(* In a pair (M1, M2) of disjoint matchings with |M1 \<union> M2| maximum, every P3 component
   u1 u2 u3 of G_{M1,M2} has its centre u2 missed by both matchings. Otherwise u2 has degree 3,
   its neighbours have degree at most 2, and u1, u2, u3 are leaves of the graph M1 \<union> M2; swapping
   M1 and M2 on the alternating path through u2 would then let a path edge join a matching.

   Suppose an H-walk leads from an edge of such a P3 P = u1 u2 u3 to an edge of another one, Q.
   Where it first leaves P it reaches an unmatched edge {a, x} through a matched edge {u1, a},
   say in M1. Replacing {u1, a} by {u1, u2} in M1 keeps the pair maximum, turns u1 a x into a P3
   of the same kind, leaves Q untouched and removes only {u1, u2} from the unmatched edges. The
   remaining walk starts on the new P3, or passes through {u1, u2} and is then a shorter walk
   from P, so induction on the length of the walk excludes it. *)

section \<open>Simple graphs and degrees\<close>

lemma simple_graph_finite_edges:
  assumes "simple_graph V E"
  shows "finite E"
proof (rule finite_subset)
  show "E \<subseteq> Pow V"
    using assms unfolding simple_graph_def by fastforce
  show "finite (Pow V)"
    using assms unfolding simple_graph_def by simp
qed

lemma simple_graph_edgeE:
  assumes "simple_graph V E" "e \<in> E" "w \<in> e"
  obtains y where "y \<noteq> w" "e = {w, y}" "w \<in> V" "y \<in> V"
proof -
  obtain p q where pq: "p \<noteq> q" "e = {p, q}" "p \<in> V" "q \<in> V"
    using assms(1,2) unfolding simple_graph_def by blast
  show ?thesis
  proof (cases "w = p")
    case True
    then show ?thesis
      using that[of q] pq by simp
  next
    case False
    then have "w = q"
      using assms(3) pq(2) by simp
    then show ?thesis
      using that[of p] pq by (simp add: insert_commute)
  qed
qed

lemma simple_graph_doubleton_edgeD:
  assumes "simple_graph V E" "{p, q} \<in> E"
  shows "p \<noteq> q" "p \<in> V" "q \<in> V"
proof -
  obtain u v where "u \<noteq> v" "{p, q} = {u, v}" "u \<in> V" "v \<in> V"
    using assms unfolding simple_graph_def by blast
  then show "p \<noteq> q" "p \<in> V" "q \<in> V"
    by (auto simp: doubleton_eq_iff)
qed

lemma card_le_degree:
  assumes "finite E" "F \<subseteq> E" "\<And>e. e \<in> F \<Longrightarrow> v \<in> e"
  shows "card F \<le> degree E v"
  unfolding degree_def using assms by (intro card_mono) auto

lemma incident_edge_mem_if_degree_le:
  assumes "finite E" "F \<subseteq> E" "\<And>e. e \<in> F \<Longrightarrow> v \<in> e" "degree E v \<le> card F"
    and "e \<in> E" "v \<in> e"
  shows "e \<in> F"
proof (rule ccontr)
  assume "e \<notin> F"
  moreover have "finite F"
    using assms(1,2) by (rule finite_subset[rotated])
  ultimately have "card (insert e F) = Suc (card F)"
    by simp
  moreover have "card (insert e F) \<le> degree E v"
    using assms(2,3,5,6) by (intro card_le_degree[OF assms(1)]) blast+
  ultimately show False
    using assms(4) by simp
qed

lemma incident_edges_outside_eq_if_degree_le:
  assumes "finite E" "F \<subseteq> E" "\<And>e. e \<in> F \<Longrightarrow> v \<in> e" "degree E v \<le> Suc (card F)"
    and "e \<in> E - F" "e' \<in> E - F" "v \<in> e" "v \<in> e'"
  shows "e = e'"
proof -
  have "finite F"
    using assms(1,2) by (rule finite_subset[rotated])
  then have "degree E v \<le> card (insert e F)"
    using assms(4,5) by simp
  moreover have "insert e F \<subseteq> E"
    using assms(2,5) by simp
  moreover have "\<And>x. x \<in> insert e F \<Longrightarrow> v \<in> x"
    using assms(3,7) by blast
  ultimately have "e' \<in> insert e F"
    using incident_edge_mem_if_degree_le[OF assms(1)] assms(6,8) by blast
  then show ?thesis
    using assms(6) by simp
qed

section \<open>Pairs of disjoint matchings of maximum size\<close>

definition covered :: "'a set set \<Rightarrow> 'a \<Rightarrow> bool" where
  "covered M v \<longleftrightarrow> (\<exists>e\<in>M. v \<in> e)"

lemma covered_Un [simp]: "covered (A \<union> B) v \<longleftrightarrow> covered A v \<or> covered B v"
  unfolding covered_def by blast

lemma matching_unique_edge:
  "matching E M \<Longrightarrow> e \<in> M \<Longrightarrow> e' \<in> M \<Longrightarrow> v \<in> e \<Longrightarrow> v \<in> e' \<Longrightarrow> e = e'"
  unfolding matching_def by blast

lemma matching_insert:
  "matching E M \<Longrightarrow> {p, q} \<in> E \<Longrightarrow> \<not> covered M p \<Longrightarrow> \<not> covered M q
    \<Longrightarrow> matching E (insert {p, q} M)"
  unfolding matching_def covered_def by blast

lemma matching_Un_degree_le_2:
  assumes "matching E M1" "matching E M2"
    and "e1 \<in> M1 \<union> M2" "e2 \<in> M1 \<union> M2" "e3 \<in> M1 \<union> M2" "v \<in> e1" "v \<in> e2" "v \<in> e3"
  shows "e1 = e2 \<or> e1 = e3 \<or> e2 = e3"
  using assms(3-) matching_unique_edge[OF assms(1), of _ _ v] matching_unique_edge[OF assms(2), of _ _ v]
  by blast

lemma rest_edges_commute: "rest_edges E M1 M2 = rest_edges E M2 M1"
  unfolding rest_edges_def by blast

definition max_disjoint_matchings :: "'a set set \<Rightarrow> 'a set set \<Rightarrow> 'a set set \<Rightarrow> bool" where
  "max_disjoint_matchings E M1 M2 \<longleftrightarrow> matching E M1 \<and> matching E M2 \<and> M1 \<inter> M2 = {} \<and>
     (\<forall>N1 N2. matching E N1 \<and> matching E N2 \<and> N1 \<inter> N2 = {} \<longrightarrow>
        card (N1 \<union> N2) \<le> card (M1 \<union> M2))"

lemma max_disjoint_matchings_commute:
  "max_disjoint_matchings E M1 M2 \<Longrightarrow> max_disjoint_matchings E M2 M1"
  unfolding max_disjoint_matchings_def by (simp add: Un_commute Int_commute)

lemma max_disjoint_matchingsD:
  assumes "max_disjoint_matchings E M1 M2"
  shows "matching E M1" "matching E M2" "M1 \<inter> M2 = {}"
    and "\<And>N1 N2. matching E N1 \<Longrightarrow> matching E N2 \<Longrightarrow> N1 \<inter> N2 = {}
      \<Longrightarrow> card (N1 \<union> N2) \<le> card (M1 \<union> M2)"
  using assms unfolding max_disjoint_matchings_def by simp_all

lemma max_disjoint_matchings_subset:
  assumes "max_disjoint_matchings E M1 M2"
  shows "M1 \<union> M2 \<subseteq> E"
  using max_disjoint_matchingsD(1,2)[OF assms] unfolding matching_def by simp

lemma max_disjoint_matchingsI_card:
  assumes "max_disjoint_matchings E M1 M2" "matching E N1" "matching E N2" "N1 \<inter> N2 = {}"
    and "card (M1 \<union> M2) \<le> card (N1 \<union> N2)"
  shows "max_disjoint_matchings E N1 N2"
proof -
  have "card (N1' \<union> N2') \<le> card (N1 \<union> N2)"
    if "matching E N1'" "matching E N2'" "N1' \<inter> N2' = {}" for N1' N2'
    using max_disjoint_matchingsD(4)[OF assms(1) that] assms(5) by linarith
  then show ?thesis
    using assms(2-4) unfolding max_disjoint_matchings_def by blast
qed

lemma max_disjoint_matchings_edge_covered:
  assumes "finite E" "max_disjoint_matchings E M1 M2" "{p, q} \<in> rest_edges E M1 M2"
  shows "covered M1 p \<or> covered M1 q"
proof (rule ccontr)
  assume uncovered: "\<not> ?thesis"
  have pq: "{p, q} \<in> E" "{p, q} \<notin> M1 \<union> M2"
    using assms(3) unfolding rest_edges_def by blast+
  have "matching E (insert {p, q} M1)"
    using matching_insert[OF max_disjoint_matchingsD(1)[OF assms(2)] pq(1)] uncovered by blast
  moreover have "insert {p, q} M1 \<inter> M2 = {}"
    using pq(2) max_disjoint_matchingsD(3)[OF assms(2)] by blast
  ultimately have "card (insert {p, q} M1 \<union> M2) \<le> card (M1 \<union> M2)"
    by (rule max_disjoint_matchingsD(4)[OF assms(2) _ max_disjoint_matchingsD(2)[OF assms(2)]])
  moreover have "finite (M1 \<union> M2)"
    using assms(1) max_disjoint_matchings_subset[OF assms(2)] finite_subset by blast
  ultimately show False
    using pq(2) by simp
qed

TRY IT
Nothing but a number belongs in the answer: the tally of lines in the data holding "section".

RESULT
2